__DIRECTIONS FOR THIS TASK__: All lines of the records below that contain the word "longleftrightarrow" must be listed.

◆ ◆ ◆ ◆ ◆

(* Let $(g,[\cdot,\cdot]_1,[\cdot,\cdot]_2,\alpha,\beta)$ be a compatible BiHom-Lie algebra and $(V,\bullet_1,\bullet_2,\alpha_V,\beta_V)$ a representation of it, where $\alpha,\beta,\alpha_V,\beta_V$ are bijective. Then $g\oplus V$ carries a compatible BiHom-Lie algebra structure $(g\oplus V,[\cdot,\cdot]^{\ltimes}_1,[\cdot,\cdot]^{\ltimes}_2,\alpha\oplus\alpha_V,\beta\oplus\beta_V)$, where $(\alpha\oplus\alpha_V)(p,a)=(\alpha(p),\alpha_V(a))$, $(\beta\oplus\beta_V)(p,a)=(\beta(p),\beta_V(a))$ and, for $i=1,2$, $$[(p,a),(q,b)]^{\ltimes}_i=\big([p,q]_i,\ p\bullet_i b-(\alpha^{-1}\beta(q))\bullet_i(\alpha_V\beta_V^{-1}(a))\big),\qquad (p,a),(q,b)\in g\oplus V.$$
   Context: A BiHom-Lie algebra is a 4-tuple $(g,[\cdot,\cdot],\alpha,\beta)$ with $\alpha,\beta:g\to g$ linear and $[\cdot,\cdot]$ bilinear such that $\alpha\circ\beta=\beta\circ\alpha$, $[\beta(p),\alpha(q)]=-[\beta(q),\alpha(p)]$ and $[\beta^{2}(p),[\beta(q),\alpha(r)]]+[\beta^{2}(q),[\beta(r),\alpha(p)]]+[\beta^{2}(r),[\beta(p),\alpha(q)]]=0$. A compatible BiHom-Lie algebra $(g,[\cdot,\cdot]_1,[\cdot,\cdot]_2,\alpha,\beta)$: both $(g,[\cdot,\cdot]_i,\alpha,\beta)$ are BiHom-Lie algebras and $(g,\lambda[\cdot,\cdot]_1+\eta[\cdot,\cdot]_2,\alpha,\beta)$ is a BiHom-Lie algebra for all $\lambda,\eta\in\mathbb{K}$. A representation of a BiHom-Lie algebra $(g,[\cdot,\cdot],\alpha,\beta)$ is $(V,\bullet,\alpha_V,\beta_V)$ with $\alpha_V,\beta_V:V\to V$ commuting linear maps and $\bullet:g\otimes V\to V$ bilinear satisfying, for all $p,q\in g$, $v\in V$: $\alpha(p)\bullet\alpha_V(v)=\alpha_V(p\bullet v)$; $\beta(p)\bullet\beta_V(v)=\beta_V(p\bullet v)$; $[\beta(p),q]\bullet\beta_V(v)=\alpha\beta(p)\bullet(q\bullet v)-\beta(q)\bullet(\alpha(p)\bullet v)$. A representation of the compatible BiHom-Lie algebra is $(V,\bullet_1,\bullet_2,\alpha_V,\beta_V)$ such that $(V,\bullet_i,\alpha_V,\beta_V)$ is a representation of $(g,[\cdot,\cdot]_i,\alpha,\beta)$ for $i=1,2$ and $[\beta(p),q]_1\bullet_2\beta_V(v)+[\beta(p),q]_2\bullet_1\beta_V(v)=\alpha\beta(p)\bullet_1(q\bullet_2 v)-\beta(q)\bullet_2(\alpha(p)\bullet_1 v)+\alpha\beta(p)\bullet_2(q\bullet_1 v)-\beta(q)\bullet_1(\alpha(p)\bullet_2 v)$ for all $p,q\in g$, $v\in V$. *)

theory Defs
  imports Main "HOL.Vector_Spaces" "HOL-Library.Product_Plus"
begin

definition bilinear_map ::
  "('k::field \<Rightarrow> 'a::ab_group_add \<Rightarrow> 'a) \<Rightarrow> ('k \<Rightarrow> 'b::ab_group_add \<Rightarrow> 'b) \<Rightarrow>
   ('k \<Rightarrow> 'c::ab_group_add \<Rightarrow> 'c) \<Rightarrow> ('a \<Rightarrow> 'b \<Rightarrow> 'c) \<Rightarrow> bool" where
  "bilinear_map s1 s2 s3 f \<longleftrightarrow>
     (\<forall>x. Vector_Spaces.linear s2 s3 (f x)) \<and> (\<forall>y. Vector_Spaces.linear s1 s3 (\<lambda>x. f x y))"

definition bihom_lie_algebra ::
  "('k::field \<Rightarrow> 'g::ab_group_add \<Rightarrow> 'g) \<Rightarrow> ('g \<Rightarrow> 'g \<Rightarrow> 'g) \<Rightarrow> ('g \<Rightarrow> 'g) \<Rightarrow> ('g \<Rightarrow> 'g) \<Rightarrow> bool" where
  "bihom_lie_algebra s br \<alpha> \<beta> \<longleftrightarrow>
     vector_space s \<and>
     Vector_Spaces.linear s s \<alpha> \<and> Vector_Spaces.linear s s \<beta> \<and>
     bilinear_map s s s br \<and>
     \<alpha> \<circ> \<beta> = \<beta> \<circ> \<alpha> \<and>
     (\<forall>p q. br (\<beta> p) (\<alpha> q) = - br (\<beta> q) (\<alpha> p)) \<and>
     (\<forall>p q r. br (\<beta> (\<beta> p)) (br (\<beta> q) (\<alpha> r)) + br (\<beta> (\<beta> q)) (br (\<beta> r) (\<alpha> p))
              + br (\<beta> (\<beta> r)) (br (\<beta> p) (\<alpha> q)) = 0)"

definition compatible_bihom_lie_algebra ::
  "('k::field \<Rightarrow> 'g::ab_group_add \<Rightarrow> 'g) \<Rightarrow> ('g \<Rightarrow> 'g \<Rightarrow> 'g) \<Rightarrow> ('g \<Rightarrow> 'g \<Rightarrow> 'g) \<Rightarrow>
   ('g \<Rightarrow> 'g) \<Rightarrow> ('g \<Rightarrow> 'g) \<Rightarrow> bool" where
  "compatible_bihom_lie_algebra s br1 br2 \<alpha> \<beta> \<longleftrightarrow>
     bihom_lie_algebra s br1 \<alpha> \<beta> \<and> bihom_lie_algebra s br2 \<alpha> \<beta> \<and>
     (\<forall>c d. bihom_lie_algebra s (\<lambda>x y. s c (br1 x y) + s d (br2 x y)) \<alpha> \<beta>)"

definition bihom_lie_rep ::
  "('k::field \<Rightarrow> 'g::ab_group_add \<Rightarrow> 'g) \<Rightarrow> ('g \<Rightarrow> 'g \<Rightarrow> 'g) \<Rightarrow> ('g \<Rightarrow> 'g) \<Rightarrow> ('g \<Rightarrow> 'g) \<Rightarrow>
   ('k \<Rightarrow> 'v::ab_group_add \<Rightarrow> 'v) \<Rightarrow> ('g \<Rightarrow> 'v \<Rightarrow> 'v) \<Rightarrow> ('v \<Rightarrow> 'v) \<Rightarrow> ('v \<Rightarrow> 'v) \<Rightarrow> bool" where
  "bihom_lie_rep s br \<alpha> \<beta> sV act \<alpha>V \<beta>V \<longleftrightarrow>
     vector_space sV \<and>
     Vector_Spaces.linear sV sV \<alpha>V \<and> Vector_Spaces.linear sV sV \<beta>V \<and>
     \<alpha>V \<circ> \<beta>V = \<beta>V \<circ> \<alpha>V \<and>
     bilinear_map s sV sV act \<and>
     (\<forall>p v. act (\<alpha> p) (\<alpha>V v) = \<alpha>V (act p v)) \<and>
     (\<forall>p v. act (\<beta> p) (\<beta>V v) = \<beta>V (act p v)) \<and>
     (\<forall>p q v. act (br (\<beta> p) q) (\<beta>V v) = act (\<alpha> (\<beta> p)) (act q v) - act (\<beta> q) (act (\<alpha> p) v))"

◆ ◆ ◆ ◆ ◆

__ANSWER TO THIS EXERCISE__:
  "bilinear_map s1 s2 s3 f \<longleftrightarrow>
  "bihom_lie_algebra s br \<alpha> \<beta> \<longleftrightarrow>
  "compatible_bihom_lie_algebra s br1 br2 \<alpha> \<beta> \<longleftrightarrow>
  "bihom_lie_rep s br \<alpha> \<beta> sV act \<alpha>V \<beta>V \<longleftrightarrow>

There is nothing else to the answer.